Since then, the figures have been falling again, with a significant and sudden dip in 2020, a pandemic year, when the majority of operations were canceled. The latest figures, which are from 2022, indicate that there were 345,014 distinct patients taking opioids. That’s still a bit more than in 2010, but still represents a decrease of almost 10% from the 2016 peak.
But, if we take into account the number of patients registered for RAMQ drug insurance in 2010 and 2022, we note that the percentage of people consuming prescription opioids has still decreased.
I see a clear improvement in the safety prescription, but I think we could do much better.
Indeed, their number, which increased from 3.3 million in 2010 to 3.9 million in 2022, allows us to observe a decrease in prevalence between 2010 and 2022, going from a little more than 10% to 8, 85%, with a peak of 10.6% in 2016.
When we consider the number of molecules prescribed, we arrive at a slightly higher number of patients, which suggests that the same patient can be administered several opioids.

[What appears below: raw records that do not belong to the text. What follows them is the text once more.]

text \<open>The operator analogue of \<open>x\<^sup>m = E T\<^bsub>|S\<^sub>m|\<^esub>(x)\<close> for the simple random walk \<open>S\<^sub>m\<close>.\<close>
lemma PF_power_eq_average_chebT:
  "(PF ^^ m) g u = (\<Sum>xs | length xs = m. chebT g (nat \<bar>step_sum xs\<bar>) u) / 2 ^ m"
proof (induction m arbitrary: u)
  case 0
  then show ?case by (simp add: step_sum_def)
next
  case (Suc m)
  have "(PF ^^ m) g = (\<lambda>u. (\<Sum>xs | length xs = m. chebT g (nat \<bar>step_sum xs\<bar>) u) / 2 ^ m)"
    using Suc.IH by (rule ext)
  then have "(PF ^^ Suc m) g u
      = PF (\<lambda>u. (\<Sum>xs | length xs = m. chebT g (nat \<bar>step_sum xs\<bar>) u) / 2 ^ m) u"
    by simp
  also have "\<dots> = (\<Sum>xs | length xs = m. PF (chebT g (nat \<bar>step_sum xs\<bar>)) u) / 2 ^ m"
    by (simp add: PF_divide PF_sum)
  also have "\<dots> = (\<Sum>xs | length xs = Suc m. chebT g (nat \<bar>step_sum xs\<bar>) u) / 2 ^ Suc m"
    by (simp add: PF_chebT_nat_abs sum_bool_lists_Suc step_sum_Cons flip: sum_divide_distrib)
  finally show ?case .
qed

definition supported_in_ball :: "'v \<Rightarrow> nat \<Rightarrow> ('v \<Rightarrow> real) \<Rightarrow> bool" where
  "supported_in_ball r k f \<longleftrightarrow> (\<forall>z. f z \<noteq> 0 \<longrightarrow> gdist cond r z < k)"

lemma supported_in_ball_PF:
  assumes "supported_in_ball r k f"
  shows "supported_in_ball r (Suc k) (PF f)"
  unfolding supported_in_ball_def
proof (intro allI impI)
  fix z assume "PF f z \<noteq> 0"
  then obtain v where "P z v * f v \<noteq> 0"
    unfolding PF_def by (meson sum.neutral)
  then have "cond z v \<noteq> 0" "f v \<noteq> 0"
    by (auto simp: P_eq)
  then show "gdist cond r z < Suc k"
    using gdist_le_Suc_gdist[of z v r] assms by (auto simp: supported_in_ball_def)
qed

lemma supported_in_ball_chebT_chebU:
  assumes "supported_in_ball r 1 g"
  shows "supported_in_ball r (Suc k) (chebT g k) \<and> supported_in_ball r k (chebU g k)"
proof (induction k)
  case 0
  then show ?case using assms by (simp add: supported_in_ball_def)
next
  case (Suc k)
  then have "supported_in_ball r (Suc (Suc k)) (PF (chebT g k))"
    "supported_in_ball r (Suc k) (PF (chebU g k))"
    "supported_in_ball r (Suc (Suc k)) (PF (PF (chebU g k)))"
    by (auto intro: supported_in_ball_PF)
  with Suc show ?case
    unfolding supported_in_ball_def
    by (metis (no_types, lifting) chebT.simps(2) chebU.simps(2) add.right_neutral diff_zero
        less_SucI)
qed

lemma chebT_indicator_eq_0:
  assumes "k < gdist cond r z"
  shows "chebT (indicator {r}) k z = 0"
proof -
  have "supported_in_ball r 1 (indicator {r})"
    by (simp add: supported_in_ball_def indicator_def gdist_self)
  then show ?thesis
    using supported_in_ball_chebT_chebU[of r "indicator {r}" k] assms
    by (auto simp: supported_in_ball_def)
qed

lemma abs_chebT_indicator_le:
  assumes "z \<in> F" "r \<in> F"
  shows "\<bar>chebT (indicator {r}) k z\<bar> \<le> sqrt (\<pi> r / \<pi> z)"
proof -
  define t where "t = chebT (indicator {r}) k"
  have "0 \<le> \<pi> u * (t u * t u)" for u
    using \<pi>_pos[of u] by simp
  then have "\<pi> z * (t z)\<^sup>2 \<le> inner_\<pi> t t"
    unfolding inner_\<pi>_def power2_eq_square mult.assoc
    by (intro member_le_sum) (use assms finite_F in auto)
  also have "\<dots> \<le> \<pi> r"
    using inner_\<pi>_chebT_le[of "indicator {r}" k] assms finite_F
    by (simp add: t_def inner_\<pi>_def indicator_def if_distrib sum.delta cong: if_cong)
  finally have "(t z)\<^sup>2 \<le> \<pi> r / \<pi> z"
    using \<pi>_pos[of z] by (simp add: pos_le_divide_eq mult.commute)
  then show ?thesis
    unfolding t_def by (metis real_sqrt_abs real_sqrt_le_mono)
qed

lemma pn_within_eq_PF_power: "pn_within F m x r = (PF ^^ m) (indicator {r}) x"
  by (induction m arbitrary: x) (simp_all add: PF_def)

lemma carne_varopoulos_within:
  assumes "z \<in> F" "r \<in> F" "1 \<le> m"
  shows "pn_within F m z r
    \<le> 2 * sqrt (\<pi> r / \<pi> z) * exp (- (real (gdist cond r z))\<^sup>2 / (2 * real m))"
proof -
  define d where "d = real (gdist cond r z)"
  define M where "M = sqrt (\<pi> r / \<pi> z)"
  have chebT_le: "chebT (indicator {r}) (nat \<bar>j\<bar>) z \<le> M * (if d \<le> \<bar>real_of_int j\<bar> then 1 else 0)"
    for j :: int
    using abs_chebT_indicator_le[OF assms(1,2), of "nat \<bar>j\<bar>"] chebT_indicator_eq_0[of "nat \<bar>j\<bar>" r z]
    by (cases "d \<le> \<bar>real_of_int j\<bar>") (auto simp: M_def d_def)
  have "pn_within F m z r = (\<Sum>xs | length xs = m. chebT (indicator {r}) (nat \<bar>step_sum xs\<bar>) z) / 2 ^ m"
    by (simp add: pn_within_eq_PF_power PF_power_eq_average_chebT)
  also have "\<dots> \<le> (\<Sum>xs | length xs = m. M * (if d \<le> \<bar>real_of_int (step_sum xs)\<bar> then 1 else 0)) / 2 ^ m"
    by (intro divide_right_mono sum_mono chebT_le) simp
  also have "\<dots> = M * (\<Sum>xs | length xs = m. if d \<le> \<bar>real_of_int (step_sum xs)\<bar> then 1 else 0) / 2 ^ m"
    by (simp add: sum_distrib_left)
  also have "\<dots> \<le> M * (2 * 2 ^ m * exp (- d\<^sup>2 / (2 * m))) / 2 ^ m"
    by (intro divide_right_mono mult_left_mono card_step_sum_tail)
      (use assms \<pi>_pos in \<open>auto simp: M_def d_def less_imp_le\<close>)
  finally show ?thesis
    by (simp add: M_def d_def)
qed

end

context network_with_killing
begin

theorem carne_varopoulos:
  assumes "1 \<le> m"
  shows "p m z r \<le> 2 * sqrt (\<pi> r / \<pi> z) * exp (- (real (gdist cond r z))\<^sup>2 / (2 * real m))"
proof (rule field_le_epsilon)
  fix \<epsilon> :: real
  assume "0 < \<epsilon>"
  then obtain G where G: "finite G" "p m z r \<le> pn_within G m z r + \<epsilon>"
    using pn_approx_within by blast
  define G' where "G' = insert z (insert r G)"
  interpret restricted_network cond K G'
    by unfold_locales (simp add: G'_def G(1))
  have "pn_within G m z r \<le> pn_within G' m z r"
    by (rule pn_within_mono) (auto simp: G'_def G(1))
  also have "\<dots> \<le> 2 * sqrt (\<pi> r / \<pi> z) * exp (- (real (gdist cond r z))\<^sup>2 / (2 * real m))"
    by (rule carne_varopoulos_within) (use assms in \<open>auto simp: G'_def\<close>)
  finally show "p m z r
      \<le> 2 * sqrt (\<pi> r / \<pi> z) * exp (- (real (gdist cond r z))\<^sup>2 / (2 * real m)) + \<epsilon>"
    using G(2) by linarith
qed

text \<open>Each step taken inside the ball of radius \<open>R\<close> around \<open>r\<close> costs a factor \<open>1 - \<delta>\<close>;
  a walk standing outside the ball is covered by the escape bound \<open>E\<close>.\<close>
lemma pn_le_survival_plus_escape:
  fixes R :: real
  assumes \<delta>: "0 \<le> \<delta>" "\<delta> \<le> 1"
    and killing_in_ball: "\<And>u. gdist cond r u < R \<Longrightarrow> \<delta> \<le> K u / \<pi> u"
    and escape: "\<And>z j. 1 \<le> j \<Longrightarrow> j \<le> n \<Longrightarrow> R \<le> gdist cond r z \<Longrightarrow> p j z r \<le> E"
    and "0 \<le> E" "m \<le> n"
  shows "p m x r \<le> (1 - \<delta>) ^ m + E"
  using \<open>m \<le> n\<close>
proof (induction m arbitrary: x)
  case 0
  then show ?case using pn_le_1[of 0 x r] \<open>0 \<le> E\<close> by simp
next
  case (Suc m)
  show ?case
  proof (cases "R \<le> gdist cond r x")
    case True
    have "0 \<le> (1 - \<delta>) ^ Suc m"
      using \<delta> by simp
    then show ?thesis
      using escape[of "Suc m" x] True Suc.prems by simp
  next
    case False
    have "p (Suc m) x r \<le> cv cond x / \<pi> x * ((1 - \<delta>) ^ m + E)"
      using infsum_P_mult_le[of "\<lambda>z. p m z r" "(1 - \<delta>) ^ m + E" x] Suc pn_nonneg by simp
    also have "cv cond x / \<pi> x = 1 - K x / \<pi> x"
    proof -
      have "cv cond x = \<pi> x - K x"
        by (simp add: \<pi>_def)
      then show ?thesis
        using \<pi>_neq_0[of x] by (simp add: diff_divide_distrib)
    qed
    also have "(1 - K x / \<pi> x) * ((1 - \<delta>) ^ m + E) \<le> (1 - \<delta>) * ((1 - \<delta>) ^ m + E)"
      using killing_in_ball[of x] False \<delta> \<open>0 \<le> E\<close> by (intro mult_right_mono) auto
    also have "\<dots> \<le> (1 - \<delta>) ^ Suc m + E"
      using \<delta> \<open>0 \<le> E\<close> by (simp add: algebra_simps mult_left_le_one_le)
    finally show ?thesis .
  qed
qed

lemma exists_pn_alternating_pos: "\<exists>s. \<forall>n. 0 < p n (if even n then r else s) r"
proof -
  have "\<exists>s. 0 < cond r s"
  proof (rule ccontr)
    assume "\<nexists>s. 0 < cond r s"
    then have "cond r = (\<lambda>s. 0)"
      using cond_nonneg[of r] by (auto simp: fun_eq_iff not_less intro: order.antisym)
    then show False
      using cv_pos[of r] by (simp add: cv_def)
  qed
  then obtain s where s: "0 < cond r s" ..
  have "0 < p n (if even n then r else s) r" for n
  proof (induction n)
    case 0
    then show ?case by simp
  next
    case (Suc n)
    define a b where "a = (if even (Suc n) then r else s)" and "b = (if even n then r else s)"
    have "0 < P a b"
      using s cond_sym[of r s] \<pi>_pos[of a] by (auto simp: P_eq a_def b_def)
    then have "0 < P a b * p n b r"
      using Suc by (simp add: b_def)
    also have "\<dots> \<le> p (Suc n) a r"
      by (rule P_mult_pn_le_pn_Suc)
    finally show ?case by (simp add: a_def)
  qed
  then show ?thesis by blast
qed

end

definition kill_floor :: "real \<Rightarrow> real \<Rightarrow> real" where
  "kill_floor \<gamma> R = min 1 (min (ln 2 powr \<gamma> / R) ((ln R / 2) powr \<gamma> / R\<^sup>2))"

text \<open>On \<open>[2, R]\<close> the profile \<open>b\<^sup>-\<^sup>2 (ln b)\<^sup>\<gamma>\<close> is controlled by its value at \<open>2\<close> when
  \<open>b\<^sup>2 \<le> R\<close>, and by \<open>ln b \<ge> ln R / 2\<close> otherwise.\<close>
lemma kill_floor_le:
  assumes "0 < \<gamma>" "2 \<le> b" "b \<le> R"
  shows "kill_floor \<gamma> R \<le> min 1 (b powr (-2) * ln b powr \<gamma>)"
proof -
  have b: "0 < b" and b_powr: "b powr (-2) = 1 / b\<^sup>2"
    using assms by (auto simp: powr_minus powr_numeral divide_inverse)
  have "min (ln 2 powr \<gamma> / R) ((ln R / 2) powr \<gamma> / R\<^sup>2) \<le> ln b powr \<gamma> / b\<^sup>2"
  proof (cases "b\<^sup>2 \<le> R")
    case True
    have "ln 2 powr \<gamma> / R \<le> ln b powr \<gamma> / b\<^sup>2"
      using True assms b by (intro frac_le powr_mono2) auto
    then show ?thesis by simp
  next
    case False
    have "ln R \<le> ln (b\<^sup>2)"
      using False b assms by simp
    then have "ln R / 2 \<le> ln b"
      using b by (simp add: ln_realpow)
    moreover have "b\<^sup>2 \<le> R\<^sup>2"
      using assms b by (intro power_mono) auto
    ultimately have "(ln R / 2) powr \<gamma> / R\<^sup>2 \<le> ln b powr \<gamma> / b\<^sup>2"
      using assms b by (intro frac_le powr_mono2) auto
    then show ?thesis by simp
  qed
  then show ?thesis
    by (auto simp: kill_floor_def b_powr)
qed

lemma kill_floor_budget:
  fixes x \<gamma> c :: real
  defines "L \<equiv> ln x powr (\<gamma>/2)"
  defines "R \<equiv> sqrt (x * L)"
  assumes \<gamma>: "0 < \<gamma>" and ln_x: "1 \<le> ln x" and x: "4 \<le> x" and c: "c = 4 powr (-\<gamma>)"
    and le_x: "c * L \<le> x" and le_ln2_term: "c * L * R \<le> x * ln 2 powr \<gamma>"
  shows "c * L \<le> x * kill_floor \<gamma> R"
proof -
  have L: "1 \<le> L"
    using \<gamma> ln_x by (simp add: L_def ge_one_powr_ge_zero)
  have R2: "R\<^sup>2 = x * L" and R: "sqrt x \<le> R" "0 < R"
    using x L by (auto simp: R_def intro: real_sqrt_le_mono)
  have "ln (sqrt x) \<le> ln R"
    using R x by simp
  then have ln_R: "ln x / 4 \<le> ln R / 2"
    using x by (simp add: ln_sqrt)
  have "L * L = ln x powr \<gamma>"
    unfolding L_def by (metis powr_add field_sum_of_halves)
  then have "c * (L * L) = ln x powr \<gamma> / 4 powr \<gamma>"
    by (simp add: c powr_minus divide_inverse mult.commute)
  also have "\<dots> = (ln x / 4) powr \<gamma>"
    using ln_x by (simp add: powr_divide)
  also have "\<dots> \<le> (ln R / 2) powr \<gamma>"
    using ln_R ln_x \<gamma> by (intro powr_mono2) auto
  finally have "c * L \<le> x * ((ln R / 2) powr \<gamma> / R\<^sup>2)"
    using x L by (simp add: R2 field_simps)
  moreover have "c * L \<le> x * (ln 2 powr \<gamma> / R)"
    using le_ln2_term R by (simp add: field_simps)
  ultimately show ?thesis
    using le_x by (simp add: kill_floor_def min_def)
qed

lemma eventually_kill_floor_budget:
  fixes \<gamma> :: real
  assumes "0 < \<gamma>"
  shows "\<forall>\<^sub>F x in at_top. 1 \<le> ln x \<and> 4 \<le> x \<and>
    4 powr (-\<gamma>) * ln x powr (\<gamma>/2) \<le> x * kill_floor \<gamma> (sqrt (x * ln x powr (\<gamma>/2)))"
proof -
  have "\<forall>\<^sub>F x in at_top. 1 \<le> ln x \<and> 4 \<le> x \<and> 4 powr (-\<gamma>) * ln x powr (\<gamma>/2) \<le> x \<and>
      4 powr (-\<gamma>) * ln x powr (\<gamma>/2) * sqrt (x * ln x powr (\<gamma>/2)) \<le> x * ln 2 powr \<gamma>"
    using assms by (intro eventually_conj) real_asymp+
  then show ?thesis
  proof (rule eventually_mono, elim conjE, intro conjI)
    fix x :: real
    assume "1 \<le> ln x" "4 \<le> x" "4 powr (-\<gamma>) * ln x powr (\<gamma>/2) \<le> x"
      "4 powr (-\<gamma>) * ln x powr (\<gamma>/2) * sqrt (x * ln x powr (\<gamma>/2)) \<le> x * ln 2 powr \<gamma>"
    then show "4 powr (-\<gamma>) * ln x powr (\<gamma>/2) \<le> x * kill_floor \<gamma> (sqrt (x * ln x powr (\<gamma>/2)))"
      by (rule kill_floor_budget[OF assms _ _ refl])
  qed
qed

The data do not indicate in which circumstances the different molecules are prescribed, namely whether it is to treat acute postoperative pain or for chronic pain. “A patient who takes three times less opioids than in 2017 is a patient who is doing better, but he does not appear in the statistics, so it is difficult to make the figures speak,” underlines the DD Anne-Marie Pinard.
Furthermore, these figures only represent patients who have RAMQ drug insurance — almost half of the population — and not those who have private insurance.
Maintain balance
“With what I see in my practice, I would have expected a greater reduction,” says, astonished, Marie-Claude Vanier, full clinical professor at the Faculty of Pharmacy at the University of Montreal. “Maybe it could go down a little faster, but it can’t go down all at once either. »
Like several specialists with whom The duty spoke, she reminds us that we must maintain a certain balance. “Yes, we want doctors to prescribe less, but, on the other hand, they must continue to support patients who have developed the problem [de dépendance]. So there is a part of the prescriptions which is still justified and which will decrease, perhaps gradually or very gradually. »
Anaïs Lacasse, pharmacoepidemiologist in chronic pain at the University of Quebec in Abitibi-Témiscamingue, believes that we should not throw the baby out with the bathwater, recalling that many patients make optimal use of opioids and that they benefit from it.
“We should not aim to reach a specific threshold in terms of opioid use and we should not abolish this option from the toolbox,” she summarizes. The important thing is to prescribe the right medication, to the right patient, at the right time. »
Lower doses
On the ground, pharmacist Philippe De Grandpré sees a drop in prescribed doses. “If you ask me the difference between 2010 and 2023, for me, in my practice, it is clear that there are fewer patients on high doses of opioids. »
But there are still some, he notes. “This is what we call legacy patients, patients who were told by their doctor in 2005 that it was okay to take high doses and who developed a really strong dependence. So there are still probably prescriptions that seem very bad, but in the end, it’s because we’re stuck with the problem and we can’t do better to support them. »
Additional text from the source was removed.